● Action item
When a line of the entries below contains "quasi", it counts once; state how many such lines there are and nothing else.

(Given records)

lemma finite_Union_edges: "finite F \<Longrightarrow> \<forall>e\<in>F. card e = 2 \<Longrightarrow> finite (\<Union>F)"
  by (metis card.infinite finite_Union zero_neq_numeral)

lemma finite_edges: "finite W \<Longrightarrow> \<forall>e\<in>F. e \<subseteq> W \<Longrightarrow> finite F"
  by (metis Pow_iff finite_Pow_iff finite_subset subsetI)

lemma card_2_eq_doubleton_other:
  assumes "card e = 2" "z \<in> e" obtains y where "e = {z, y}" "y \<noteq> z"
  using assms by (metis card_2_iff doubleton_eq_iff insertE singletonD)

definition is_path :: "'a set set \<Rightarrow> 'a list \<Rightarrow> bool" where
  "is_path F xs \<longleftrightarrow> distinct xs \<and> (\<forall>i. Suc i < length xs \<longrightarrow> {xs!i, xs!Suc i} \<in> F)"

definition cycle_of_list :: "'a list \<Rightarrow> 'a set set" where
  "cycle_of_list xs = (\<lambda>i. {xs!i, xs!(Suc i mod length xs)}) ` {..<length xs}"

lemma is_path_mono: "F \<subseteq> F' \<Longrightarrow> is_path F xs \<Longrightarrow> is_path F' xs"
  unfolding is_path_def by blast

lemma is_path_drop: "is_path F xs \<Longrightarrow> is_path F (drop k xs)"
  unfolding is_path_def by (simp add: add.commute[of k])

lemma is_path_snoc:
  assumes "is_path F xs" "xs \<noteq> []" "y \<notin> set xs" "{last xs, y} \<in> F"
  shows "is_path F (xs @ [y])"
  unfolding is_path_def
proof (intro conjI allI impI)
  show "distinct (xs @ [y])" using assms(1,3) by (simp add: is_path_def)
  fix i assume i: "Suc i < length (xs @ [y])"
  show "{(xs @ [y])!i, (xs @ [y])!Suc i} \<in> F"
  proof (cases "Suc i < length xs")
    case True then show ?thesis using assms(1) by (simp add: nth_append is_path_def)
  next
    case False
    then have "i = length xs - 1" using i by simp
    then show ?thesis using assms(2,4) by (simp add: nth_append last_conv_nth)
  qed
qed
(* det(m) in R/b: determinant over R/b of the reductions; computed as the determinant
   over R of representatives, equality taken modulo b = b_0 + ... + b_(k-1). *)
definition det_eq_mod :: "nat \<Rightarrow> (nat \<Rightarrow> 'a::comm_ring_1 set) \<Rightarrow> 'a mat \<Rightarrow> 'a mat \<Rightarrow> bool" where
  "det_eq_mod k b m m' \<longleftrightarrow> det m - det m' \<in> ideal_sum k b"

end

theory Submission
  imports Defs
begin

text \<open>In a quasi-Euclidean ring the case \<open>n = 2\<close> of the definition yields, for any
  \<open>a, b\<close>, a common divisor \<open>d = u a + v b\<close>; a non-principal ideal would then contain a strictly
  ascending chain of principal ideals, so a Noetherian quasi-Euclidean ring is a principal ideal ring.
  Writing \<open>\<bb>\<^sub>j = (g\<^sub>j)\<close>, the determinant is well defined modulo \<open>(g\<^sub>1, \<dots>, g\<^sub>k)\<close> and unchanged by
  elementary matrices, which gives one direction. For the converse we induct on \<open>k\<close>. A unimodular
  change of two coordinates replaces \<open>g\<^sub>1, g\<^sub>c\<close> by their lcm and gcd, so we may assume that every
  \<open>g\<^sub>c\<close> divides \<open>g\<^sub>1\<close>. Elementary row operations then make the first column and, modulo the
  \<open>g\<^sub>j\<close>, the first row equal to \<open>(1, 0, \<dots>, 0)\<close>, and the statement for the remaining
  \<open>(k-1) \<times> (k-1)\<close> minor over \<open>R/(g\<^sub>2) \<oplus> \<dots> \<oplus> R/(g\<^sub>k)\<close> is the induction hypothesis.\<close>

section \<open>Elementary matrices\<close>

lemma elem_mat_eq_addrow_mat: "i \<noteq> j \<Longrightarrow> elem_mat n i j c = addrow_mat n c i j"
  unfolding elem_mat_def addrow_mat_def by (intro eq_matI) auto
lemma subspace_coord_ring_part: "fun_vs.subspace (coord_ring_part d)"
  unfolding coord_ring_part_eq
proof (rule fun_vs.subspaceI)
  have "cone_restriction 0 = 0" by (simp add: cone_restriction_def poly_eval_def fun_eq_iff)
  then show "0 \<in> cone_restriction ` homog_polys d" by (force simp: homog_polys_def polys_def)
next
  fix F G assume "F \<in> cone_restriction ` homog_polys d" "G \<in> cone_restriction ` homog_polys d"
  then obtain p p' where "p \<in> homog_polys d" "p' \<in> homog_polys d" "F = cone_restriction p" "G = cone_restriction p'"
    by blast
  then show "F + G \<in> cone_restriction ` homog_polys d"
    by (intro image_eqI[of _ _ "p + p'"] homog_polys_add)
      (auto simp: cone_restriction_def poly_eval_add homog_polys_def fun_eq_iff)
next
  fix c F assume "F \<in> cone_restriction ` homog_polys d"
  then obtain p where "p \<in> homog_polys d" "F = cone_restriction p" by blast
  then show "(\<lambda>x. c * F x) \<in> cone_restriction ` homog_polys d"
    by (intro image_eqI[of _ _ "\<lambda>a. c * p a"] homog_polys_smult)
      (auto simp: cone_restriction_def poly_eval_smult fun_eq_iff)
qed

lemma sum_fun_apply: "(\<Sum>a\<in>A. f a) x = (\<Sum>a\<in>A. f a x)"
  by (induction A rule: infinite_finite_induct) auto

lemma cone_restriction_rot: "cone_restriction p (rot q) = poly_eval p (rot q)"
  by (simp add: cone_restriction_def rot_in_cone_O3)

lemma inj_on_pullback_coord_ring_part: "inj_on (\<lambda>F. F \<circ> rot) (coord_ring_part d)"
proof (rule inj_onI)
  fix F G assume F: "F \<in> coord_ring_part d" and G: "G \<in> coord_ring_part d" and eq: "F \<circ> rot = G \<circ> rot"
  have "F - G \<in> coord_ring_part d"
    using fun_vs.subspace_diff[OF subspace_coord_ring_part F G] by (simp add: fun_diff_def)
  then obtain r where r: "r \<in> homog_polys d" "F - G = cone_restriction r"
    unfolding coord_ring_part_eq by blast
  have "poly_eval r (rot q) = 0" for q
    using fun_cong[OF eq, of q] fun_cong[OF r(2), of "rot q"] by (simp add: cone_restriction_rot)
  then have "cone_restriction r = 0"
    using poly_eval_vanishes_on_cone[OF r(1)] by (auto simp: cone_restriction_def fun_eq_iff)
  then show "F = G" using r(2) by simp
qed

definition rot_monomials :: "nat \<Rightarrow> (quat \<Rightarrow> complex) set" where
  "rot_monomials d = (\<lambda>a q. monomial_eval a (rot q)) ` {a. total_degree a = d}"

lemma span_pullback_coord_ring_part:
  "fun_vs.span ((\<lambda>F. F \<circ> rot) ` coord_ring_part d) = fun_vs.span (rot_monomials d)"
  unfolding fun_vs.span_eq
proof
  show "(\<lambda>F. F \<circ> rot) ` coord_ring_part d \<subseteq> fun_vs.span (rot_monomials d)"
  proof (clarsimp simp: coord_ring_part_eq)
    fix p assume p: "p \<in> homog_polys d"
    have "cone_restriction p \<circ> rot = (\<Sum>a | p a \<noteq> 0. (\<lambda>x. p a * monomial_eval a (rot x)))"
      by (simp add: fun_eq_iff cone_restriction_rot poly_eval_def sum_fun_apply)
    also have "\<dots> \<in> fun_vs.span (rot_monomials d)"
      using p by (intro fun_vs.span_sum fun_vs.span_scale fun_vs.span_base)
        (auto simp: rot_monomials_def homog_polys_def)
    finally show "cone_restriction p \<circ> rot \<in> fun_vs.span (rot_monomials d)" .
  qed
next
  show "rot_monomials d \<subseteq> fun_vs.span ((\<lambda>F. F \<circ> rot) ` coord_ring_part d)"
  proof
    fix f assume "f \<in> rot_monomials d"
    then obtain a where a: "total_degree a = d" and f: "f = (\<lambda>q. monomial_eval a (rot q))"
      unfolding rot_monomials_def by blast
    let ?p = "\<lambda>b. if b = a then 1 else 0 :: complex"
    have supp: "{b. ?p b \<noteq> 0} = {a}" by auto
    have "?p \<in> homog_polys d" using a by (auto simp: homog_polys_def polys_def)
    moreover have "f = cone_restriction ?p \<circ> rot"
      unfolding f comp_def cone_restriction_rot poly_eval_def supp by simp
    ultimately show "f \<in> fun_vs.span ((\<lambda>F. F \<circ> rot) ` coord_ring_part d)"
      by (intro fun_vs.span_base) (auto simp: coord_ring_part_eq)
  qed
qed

(End Given records)

● Response area
2